YOUth is committed to sharing their data for reuse, and thus the datasets that they share should contain as little personal information as possible. For that purpose, the YOUth data manager implements a number of measures:

All data are pseudonymised as much as possible (see below).
Every dataset that is shared for reuse is first checked for identifiable information. Special category information is taken out of the datasets as much as possible, and no unnecessary information such as date of birth is shared.
Using the tool AnonymoUUs, participant pseudonyms are replaced with artificial pseudonyms, and all dates with a fake date, each time a new set of data is prepared for sharing. This limits the ability of external researchers to link multiple requested datasets together and thus to form a more complete image of each participant. It also prevents singling out participants based on the day they visited the research centre.

Pseudonymisation per data type

Below is an overview of the data types and pseudonymisation measures taken by the YOUth data manager.

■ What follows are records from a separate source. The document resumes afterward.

(* Let $n\ge 1$ and consider the nonlinear nonautonomous delay system $$\dot{x}_i(t)=-a_{ii}(t)x_i(t)+\sum_{j\neq i}a_{ij}(t)x_j(t)+\sum_{j=1}^n f_{ij}\big(t,x_j(h_{ij}(t))\big),\qquad i=1,\dots,n,\ t\ge t_0,$$ with initial conditions $x_i(t)=\varphi_i(t)$ for $t\le t_0$, $i=1,\dots,n$, where each $\varphi_i$ is continuous. Assume: (i) $a_{ij}$ and $b_{ij}$ are measurable essentially bounded functions; (ii) for each $i,j$, $f_{ij}(t,\cdot)$ is continuous, $f_{ij}(\cdot,u)$ is measurable and locally essentially bounded, and $|f_{ij}(t,u)|\le b_{ij}(t)|u|$; (iii) the $h_{ij}$ are measurable with $h_{ij}(t)\le t$. Set $A_{ij}=\sup_{t\ge t_0}|a_{ij}(t)|$ and $B_{ij}=\sup_{t\ge t_0}|b_{ij}(t)|$. Suppose there exist numbers $a_i>0$ ($i=1,\dots,n$), $\tau>0$ and $t_0\ge 0$ such that $\inf_{t\ge t_0}a_{ii}(t)\ge a_i$ and $t-h_{ij}(t)\le \tau$ for all $i,j$ and $t\ge t_0$, and suppose that the $n\times n$ matrix $M=(m_{ij})$ with entries $m_{ii}=a_i-B_{ii}$ and $m_{ij}=-A_{ij}-B_{ij}$ for $i\neq j$ is an M-matrix. Then every solution $X(t)=(x_1(t),\dots,x_n(t))^T$ of this system satisfies $\lim_{t\to\infty}X(t)=0$.
   Context: A solution of the initial value problem is a vector function, locally absolutely continuous for $t\ge t_0$, that satisfies the system almost everywhere for $t\ge t_0$ and equals the initial function for $t\le t_0$. A real square matrix $M=(m_{ij})$ is called an M-matrix if $m_{ij}\le 0$ for $i\ne j$ and one of the following equivalent conditions holds: $M$ has a nonnegative inverse $M^{-1}\ge 0$ (entrywise); or the leading principal minors of $M$ are all positive. *)

theory Defs
  imports "HOL-Analysis.Analysis"
begin

definition abs_continuous_on :: "real \<Rightarrow> real \<Rightarrow> (real \<Rightarrow> 'b::real_normed_vector) \<Rightarrow> bool" where
  "abs_continuous_on a b x \<longleftrightarrow>
     (\<forall>\<epsilon>>0. \<exists>\<delta>>0. \<forall>(m::nat) (s::nat \<Rightarrow> real) (t::nat \<Rightarrow> real).
        (\<forall>k<m. a \<le> s k \<and> s k \<le> t k \<and> t k \<le> b) \<and>
        (\<forall>k<m. \<forall>l<m. k \<noteq> l \<longrightarrow> t k \<le> s l \<or> t l \<le> s k) \<and>
        (\<Sum>k<m. t k - s k) < \<delta>
        \<longrightarrow> (\<Sum>k<m. norm (x (t k) - x (s k))) < \<epsilon>)"

definition loc_abs_continuous_from :: "real \<Rightarrow> (real \<Rightarrow> 'b::real_normed_vector) \<Rightarrow> bool" where
  "loc_abs_continuous_from t0 x \<longleftrightarrow> (\<forall>T\<ge>t0. abs_continuous_on t0 T x)"

definition is_M_matrix :: "real^'n^'n \<Rightarrow> bool" where
  "is_M_matrix M \<longleftrightarrow> (\<forall>i j. i \<noteq> j \<longrightarrow> M $ i $ j \<le> 0) \<and> invertible M \<and>
     (\<forall>i j. matrix_inv M $ i $ j \<ge> 0)"
theorem lemma3p3:
  fixes n k :: nat
  assumes "n = 2 * k" and "k \<ge> 2" and "lmd n = 2"
  shows "\<not> (\<exists>W X. local_metric_basis n W \<and> W \<subseteq> cycle_verts n X)"
  using cycle_pair_not_local_resolving[OF assms(1,2)] assms(3)
  unfolding local_metric_basis_def by auto

end
lemma euler_profile_second_derivative:
  fixes f :: "real \<Rightarrow> complex"
  assumes f: "profile_regular f"
    and euler: "\<forall>y. y \<noteq> 0 \<longrightarrow> of_real y * vector_derivative f (at y) = c * f y"
    and z: "z \<noteq> 0"
  shows "of_real z * vector_derivative (\<lambda>y. vector_derivative f (at y)) (at z)
       = (c - 1) * vector_derivative f (at z)"
proof -
  let ?f' = "\<lambda>y. vector_derivative f (at y)"
  let ?f'' = "vector_derivative ?f' (at z)"
  have d1: "(f has_vector_derivative ?f' z) (at z)" and d2: "(?f' has_vector_derivative ?f'') (at z)"
    using f z unfolding profile_regular_def by (auto simp: vector_derivative_works)
  have "((\<lambda>y. of_real y * ?f' y - c * f y) has_vector_derivative
          of_real z * ?f'' + 1 * ?f' z - (c * ?f' z + 0 * f z)) (at z)"
    by (intro has_vector_derivative_diff has_vector_derivative_mult d1 d2 has_vector_derivative_const
          has_vector_derivative_of_real[OF DERIV_ident, simplified])
  moreover have "((\<lambda>y. of_real y * ?f' y - c * f y) has_vector_derivative 0) (at z)"
    by (rule has_vector_derivative_transform_within_open[OF has_vector_derivative_const, where S = "{y. y \<noteq> 0}"])
       (use z euler in \<open>auto simp: open_Collect_neq\<close>)
  ultimately show ?thesis
    using vector_derivative_unique_at by (fastforce simp: algebra_simps)
qed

Besides these pseudonymisation measures, YOUth has implemented a data request procedure which delineates the conditions under which researchers can access the data, and the steps they have to take to request access.

Questionnaire data (tabular)

Children and their parents/caretakers (sometimes their teacher) fill out several questionnaires about, among others, their mental and physical development, living conditions, and social environment.

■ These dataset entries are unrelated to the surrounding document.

(* Fix $k\in\mathbb{N}$, let $m=\bigl[\frac{k+1}2\bigr]$, write $\bar c_k(a):=c_k^{\mathrm{EH}}(E(a,1))/(m\pi)$ for $a\in(0,1]$, and for $l=1,\dots,m$ let $[a_l,b_l]$ denote the interval of those $a$ on which $\bar c_k(a)=\frac lm$. For a normalized generalized symplectic capacity $c$ on $\mathit{Ell}^4$ write $c(a):=c(E(a,1))$. Then: (a) $\bar c_k(a)\le c(a)$ for all $a\in(0,1]$, for every such $c$ satisfying $\bar c_k(a_l)\le c(a_l)$ for all $l=1,\dots,\bigl[\frac{k+1}2\bigr]$; (b) $\bar c_k(a)\ge c(a)$ for all $a\in(0,1]$, for every such $c$ satisfying $\bar c_k(b_l)\ge c(b_l)$ for all $l=1,\dots,\bigl[\frac k2\bigr]$ and $\lim_{a\to0}\frac{c(a)}{a}\le\frac{k}{[\frac{k+1}2]}$.
   Context: $E(a_1,a_2)=\{z\in\mathbb{C}^2:|z_1|^2/a_1+|z_2|^2/a_2<1\}$, $0<a_1\le a_2\le\infty$. $\mathit{Ell}^4$ is the category of ellipsoids in $(\mathbb{R}^4,\omega_0)$ with morphisms the symplectic embeddings induced by global symplectomorphisms of $\mathbb{R}^4$, where $(U,\alpha^2\omega_0)$ is identified with $\alpha U$. A generalized symplectic capacity is a map $c:\mathit{Ell}^4\to[0,\infty]$ with $c(U)\le c(V)$ whenever there is a morphism $U\to V$ and $c(\alpha U)=\alpha^2c(U)$ for $\alpha>0$; it is normalized if $c(E(1,1))=1$. Ekeland–Hofer capacities on ellipsoids: writing the numbers $j a_i\pi$ ($j\in\mathbb{N}$, $i=1,2$) in increasing order with repetitions as $d_1\le d_2\le\dots$, $c_k^{\mathrm{EH}}(E(a_1,a_2))=d_k$. $[x]$ is the largest integer $\le x$. *)

theory Defs
  imports "HOL-Analysis.Analysis"
begin

type_synonym C2 = "complex \<times> complex"

text \<open>Standard symplectic form on C^2 = R^4: omega0 = dx1 wedge dy1 + dx2 wedge dy2.\<close>
definition omega0 :: "C2 \<Rightarrow> C2 \<Rightarrow> real" where
  "omega0 u v = Im (cnj (fst u) * fst v) + Im (cnj (snd u) * snd v)"

fun iter_dderiv :: "'a::real_normed_vector list \<Rightarrow> ('a \<Rightarrow> 'b::real_normed_vector) \<Rightarrow> 'a \<Rightarrow> 'b" where
  "iter_dderiv [] f = f"
| "iter_dderiv (v # vs) f = (\<lambda>x. frechet_derivative (iter_dderiv vs f) (at x) v)"

definition smooth_map :: "('a::real_normed_vector \<Rightarrow> 'b::real_normed_vector) \<Rightarrow> bool" where
  "smooth_map f \<longleftrightarrow> (\<forall>vs x. iter_dderiv vs f differentiable (at x))"

definition symplectomorphism :: "(C2 \<Rightarrow> C2) \<Rightarrow> bool" where
  "symplectomorphism \<phi> \<longleftrightarrow> bij \<phi> \<and> smooth_map \<phi> \<and> smooth_map (inv \<phi>) \<and>
     (\<forall>x u v. omega0 (frechet_derivative \<phi> (at x) u) (frechet_derivative \<phi> (at x) v) = omega0 u v)"

definition ellipsoid :: "real \<Rightarrow> ereal \<Rightarrow> C2 set" where
  "ellipsoid a1 a2 = {z. (cmod (fst z))\<^sup>2 / a1
      + (if a2 = \<infinity> then 0 else (cmod (snd z))\<^sup>2 / real_of_ereal a2) < 1}"

definition Ell4 :: "C2 set set" where
  "Ell4 = {ellipsoid a1 a2 | a1 a2. 0 < a1 \<and> ereal a1 \<le> a2}"

definition ell_morphism :: "C2 set \<Rightarrow> C2 set \<Rightarrow> bool" where
  "ell_morphism U V \<longleftrightarrow> U \<in> Ell4 \<and> V \<in> Ell4 \<and> (\<exists>\<phi>. symplectomorphism \<phi> \<and> \<phi> ` U \<subseteq> V)"

text \<open>Generalized symplectic capacity on Ell4 (values on non-ellipsoids are irrelevant).\<close>
definition gen_capacity :: "(C2 set \<Rightarrow> ennreal) \<Rightarrow> bool" where
  "gen_capacity c \<longleftrightarrow>
     (\<forall>U V. ell_morphism U V \<longrightarrow> c U \<le> c V) \<and>
     (\<forall>U\<in>Ell4. \<forall>\<alpha>::real. \<alpha> > 0 \<longrightarrow> c ((\<lambda>z. \<alpha> *\<^sub>R z) ` U) = ennreal (\<alpha>\<^sup>2) * c U)"

definition normalized_capacity :: "(C2 set \<Rightarrow> ennreal) \<Rightarrow> bool" where
  "normalized_capacity c \<longleftrightarrow> gen_capacity c \<and> c (ellipsoid 1 1) = 1"

definition EH_count :: "real \<Rightarrow> ereal \<Rightarrow> real \<Rightarrow> nat" where
  "EH_count a1 a2 t = card {(i::nat, j::nat). i \<in> {1,2} \<and> 1 \<le> j \<and>
      ereal (real j * pi) * (if i = 1 then ereal a1 else a2) \<le> ereal t}"

text \<open>k-th term d_k of the increasing sequence (with repetitions).\<close>
definition EH_capacity :: "nat \<Rightarrow> real \<Rightarrow> ereal \<Rightarrow> real" where
  "EH_capacity k a1 a2 = Inf {t. k \<le> EH_count a1 a2 t}"

definition cbar :: "nat \<Rightarrow> real \<Rightarrow> real" where
  "cbar k a = EH_capacity k a 1 / (real ((k + 1) div 2) * pi)"

definition level_set :: "nat \<Rightarrow> nat \<Rightarrow> real set" where
  "level_set k l = {a \<in> {0<..1}. cbar k a = real l / real ((k + 1) div 2)}"

definition a_end :: "nat \<Rightarrow> nat \<Rightarrow> real" where "a_end k l = Inf (level_set k l)"
definition b_end :: "nat \<Rightarrow> nat \<Rightarrow> real" where "b_end k l = Sup (level_set k l)"

end

theory Submission
  imports Defs
begin

text \<open>Choosing the n smallest multiples of \<pi> and the k - n smallest multiples of a\<pi> shows
  c_k^EH(E(a,1)) = \<pi> min_{n \<le> k} max(n, (k - n) a). Hence cbar_k equals l/m on the plateau
  [a_l, b_l] = [l/(k-l+1), l/(k-l)] and (k-l+1) a/m on [b_{l-1}, a_l], a line through the
  origin. For a generalized capacity, c(a) is nondecreasing by inclusion, while
  c(a)/a = c(E(1,1/a)) is nonincreasing by conformality and inclusion. So a lower bound at a_l
  propagates rightwards along the plateau and leftwards along the line through the origin,
  which is exactly cbar_k; dually an upper bound at b_l propagates leftwards along the plateau
  and rightwards along the next line, and the limit of c(a)/a controls the first piece k a/m.\<close>

section \<open>Generalized capacities of the ellipsoids E(a,1)\<close>

lemma iter_dderiv_id_cases:
  "iter_dderiv vs (id :: 'a::real_normed_vector \<Rightarrow> 'a) = id \<or>
   (\<exists>c. iter_dderiv vs (id :: 'a \<Rightarrow> 'a) = (\<lambda>_. c))"
proof (induction vs)
  case Nil
  then show ?case by simp
next
  case (Cons v vs)
  then show ?case
    by auto
qed

lemma smooth_map_id: "smooth_map (id :: 'a::real_normed_vector \<Rightarrow> 'a)"
  unfolding smooth_map_def
proof (intro allI)
  fix vs and x :: 'a
  show "iter_dderiv vs id differentiable at x"
    using iter_dderiv_id_cases[of vs] by (auto simp: id_def)
qed

lemma symplectomorphism_id: "symplectomorphism id"
  unfolding symplectomorphism_def using smooth_map_id by simp

lemma ellipsoid_in_Ell4: "0 < a1 \<Longrightarrow> ereal a1 \<le> a2 \<Longrightarrow> ellipsoid a1 a2 \<in> Ell4"
  unfolding Ell4_def by blast

lemma ellipsoid_mono:
  assumes "0 < a1" "a1 \<le> b1" "0 < a2" "a2 \<le> b2"
  shows "ellipsoid a1 (ereal a2) \<subseteq> ellipsoid b1 (ereal b2)"
proof
  fix z
  assume "z \<in> ellipsoid a1 (ereal a2)"
  moreover have "(cmod (fst z))\<^sup>2 / b1 \<le> (cmod (fst z))\<^sup>2 / a1"
    and "(cmod (snd z))\<^sup>2 / b2 \<le> (cmod (snd z))\<^sup>2 / a2"
    using assms by (simp_all add: frac_le)
  ultimately show "z \<in> ellipsoid b1 (ereal b2)"
    unfolding ellipsoid_def by simp
qed

lemma scaleR_image_ellipsoid:
  assumes "0 < r" "0 < a1" "0 < a2"
  shows "(\<lambda>z. r *\<^sub>R z) ` ellipsoid a1 (ereal a2) = ellipsoid (r\<^sup>2 * a1) (ereal (r\<^sup>2 * a2))"
proof -
  have mem: "r *\<^sub>R z \<in> ellipsoid (r\<^sup>2 * a1) (ereal (r\<^sup>2 * a2)) \<longleftrightarrow> z \<in> ellipsoid a1 (ereal a2)"
    for z :: C2
    using assms by (simp add: ellipsoid_def power_mult_distrib)
  show ?thesis
  proof (intro set_eqI iffI)
    fix y
    assume "y \<in> ellipsoid (r\<^sup>2 * a1) (ereal (r\<^sup>2 * a2))"
    moreover have "y = r *\<^sub>R ((1 / r) *\<^sub>R y)"
      using assms by simp
    ultimately show "y \<in> (\<lambda>z. r *\<^sub>R z) ` ellipsoid a1 (ereal a2)"
      using mem by (metis image_eqI)
  qed (use mem in auto)
qed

Pseudonymisation measures:

A script removes unnecessary (special category) personal data from the shared dataset where possible, such as religion, ethnicity and open text responses.
If a researcher needs demographic information only to describe the sample, the data manager shares a frequency table of the requested information, for example for ethnicity and socio-economic status, instead of sharing the raw responses.
The Anonymouus tool replaces the pseudonym and date in the questionnaire data and file names.

In the future, the data manager would like to share only scale scores, instead of responses to individual questions in standardised questionnaires.

Computer tasks (tabular)

On a computer, children play various games to measure cognitive and motoric development of the child. In most games, the response times, choices and scores are recorded. To pseudonymise the data, the AnonymoUUs tool replaces the pseudonym and dates in the task data and filenames and in some cases even the name of the participant.

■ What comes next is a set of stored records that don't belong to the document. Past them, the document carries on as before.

lemma card_PiE_pair_constraints_le:
  fixes \<alpha> \<beta> :: "'j \<Rightarrow> 'i"
  assumes I: "finite I" and Q: "finite Q"
    and inj: "inj_on \<alpha> J" "inj_on \<beta> J" and disj: "\<alpha> ` J \<inter> \<beta> ` J = {}"
    and sub: "\<alpha> ` J \<subseteq> I" "\<beta> ` J \<subseteq> I"
  shows "card {c \<in> PiE I (\<lambda>_. Q). \<forall>j\<in>J. R j (c (\<alpha> j)) (c (\<beta> j))}
       \<le> (\<Prod>j\<in>J. card {(x, y) \<in> Q \<times> Q. R j x y}) * card Q ^ (card I - 2 * card J)"
proof -
  let ?Rs = "\<lambda>j. {(x, y) \<in> Q \<times> Q. R j x y}"
  let ?E = "{c \<in> PiE I (\<lambda>_. Q). \<forall>j\<in>J. R j (c (\<alpha> j)) (c (\<beta> j))}"
  let ?P = "\<alpha> ` J \<union> \<beta> ` J"
  let ?split = "\<lambda>c. (restrict (\<lambda>j. (c (\<alpha> j), c (\<beta> j))) J, restrict c (I - ?P))"
  have J: "finite J"
    using finite_imageD[OF finite_subset[OF sub(1) I] inj(1)] .
  have "card ?P = card (\<alpha> ` J) + card (\<beta> ` J)"
    using J disj by (intro card_Un_disjoint) auto
  then have card_P: "card ?P = 2 * card J"
    using inj by (simp add: card_image)
  have "finite (?Rs j)" for j
    using Q by (intro finite_subset[OF _ finite_cartesian_product[OF Q Q]]) auto
  then have "finite (PiE J ?Rs \<times> PiE (I - ?P) (\<lambda>_. Q))"
    using I J Q by (intro finite_cartesian_product finite_PiE) auto
  moreover have "inj_on ?split ?E"
    using inj_on_PiE_restrict_pairs by (rule inj_on_subset) auto
  moreover have "?split c \<in> PiE J ?Rs \<times> PiE (I - ?P) (\<lambda>_. Q)" if "c \<in> ?E" for c
  proof -
    have "c i \<in> Q" if "i \<in> I" for i
      using \<open>c \<in> ?E\<close> that by (auto simp: PiE_iff)
    then show ?thesis
      using that sub by (auto simp: restrict_PiE_iff)
  qed
  ultimately have "card ?E \<le> card (PiE J ?Rs \<times> PiE (I - ?P) (\<lambda>_. Q))"
    by (intro card_inj_on_le image_subsetI)
  also have "\<dots> = (\<Prod>j\<in>J. card (?Rs j)) * card Q ^ card (I - ?P)"
    using I J by (simp add: card_cartesian_product card_PiE)
  also have "card (I - ?P) = card I - 2 * card J"
    using I sub card_P by (subst card_Diff_subset) (auto intro: finite_subset)
  finally show ?thesis .
qed

lemma coded_together_cache_of_choiceD:
  assumes "coded_together (\<lambda>k. cache_of_choice K q c (n k)) k k' f f'" and j: "j \<in> {1..K}"
  shows "((j = k \<or> c (j, n k, f div q) = f mod q) \<longleftrightarrow> (j = k' \<or> c (j, n k', f' div q) = f' mod q))
    \<and> (j = k \<longrightarrow> c (j, n k, f div q) \<noteq> f mod q) \<and> (j = k' \<longrightarrow> c (j, n k', f' div q) \<noteq> f' mod q)"
proof -
  let ?A = "cache_of_choice K q c (n k) f" and ?B = "cache_of_choice K q c (n k') f'"
  have "j \<in> ?A \<longleftrightarrow> c (j, n k, f div q) = f mod q" "j \<in> ?B \<longleftrightarrow> c (j, n k', f' div q) = f' mod q"
    using j by (simp_all add: cache_of_choice_def)
  moreover have "k \<notin> ?A" "k' \<notin> ?B" "j \<in> insert k ?A \<longleftrightarrow> j \<in> insert k' ?B"
    using assms(1) unfolding coded_together_def by simp_all
  ultimately show ?thesis
    by auto
qed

Logbook- and experiment book data (tabular)

Notes about data collection (data quality, task-order, if experiment started etc.) are made in logbooks by means of a data capturing tool. In that same tool, YOUth also collects research data about body measures (length, weight and head circumference) and intelligence (WISC and WPPSI) To pseudonymise those data, the AnonymoUUs tool replaces the pseudonym and date in the filenames and data.

Video tasks (video recording)

During two tasks (the Hand game and the Delay of gratification task), children are video- and audiotaped to be able to analyse their behaviour. Parents may also be visible in the background, as well as a research assistant.

To pseudonymise these data, both the videos from the Hand game and the Delayed gratification task will be coded/scored on the variables of interest (e.g., does the child take the candy out of the bag or not). This way, no actual video recordings will need to be shared with other researchers.

Parent-child interaction (video recording)

Children and their parents are videotaped while they play with each other or discuss specific topics. Because these data are difficult to pseudonymise and could be scored/coded on many different aspects, YOUth provides a special local laboratory space to perform the desired qualitative analysis on these video data.

Magnetic Resonance Imaging (MRI) data (3D image)

MRI data of children are collected to study structural (3D image of the brain, skull, and outer layers of the head) and functional (brain activity) properties of the brain.

To pseudonymise the MRI data, structural MRI scans (DICOM) are defaced using mri_deface (v1.22), resulting in NIfTi files. Additionally, the AnonymoUUs tool replaces the pseudonym in the filenames.

Electro-encephalography (EEG) data (video and text files)

A cap is placed on the child’s head with electrodes attached to measure brain activity. The child is placed in front of a monitor and views various on-screen stimuli (incl. faces, objects, sounds, music, toys). A video is also made to check whether the child watches the screen. For the moment, the videos will not be shared with external researchers. In the EEG data itself, the AnonymoUUs tool replaces the pseudonym and date.

Eye tracking data (text files)

Children are placed in front of a screen and view various stimuli (incl. faces, objects, sounds, music, toys), with or without an assignment. Eye movements and focus points are recorded using an eyetracker. To pseudonymise these data, the AnonymoUUs tool replaces the pseudonym and date in the eyetracking data and the filenames.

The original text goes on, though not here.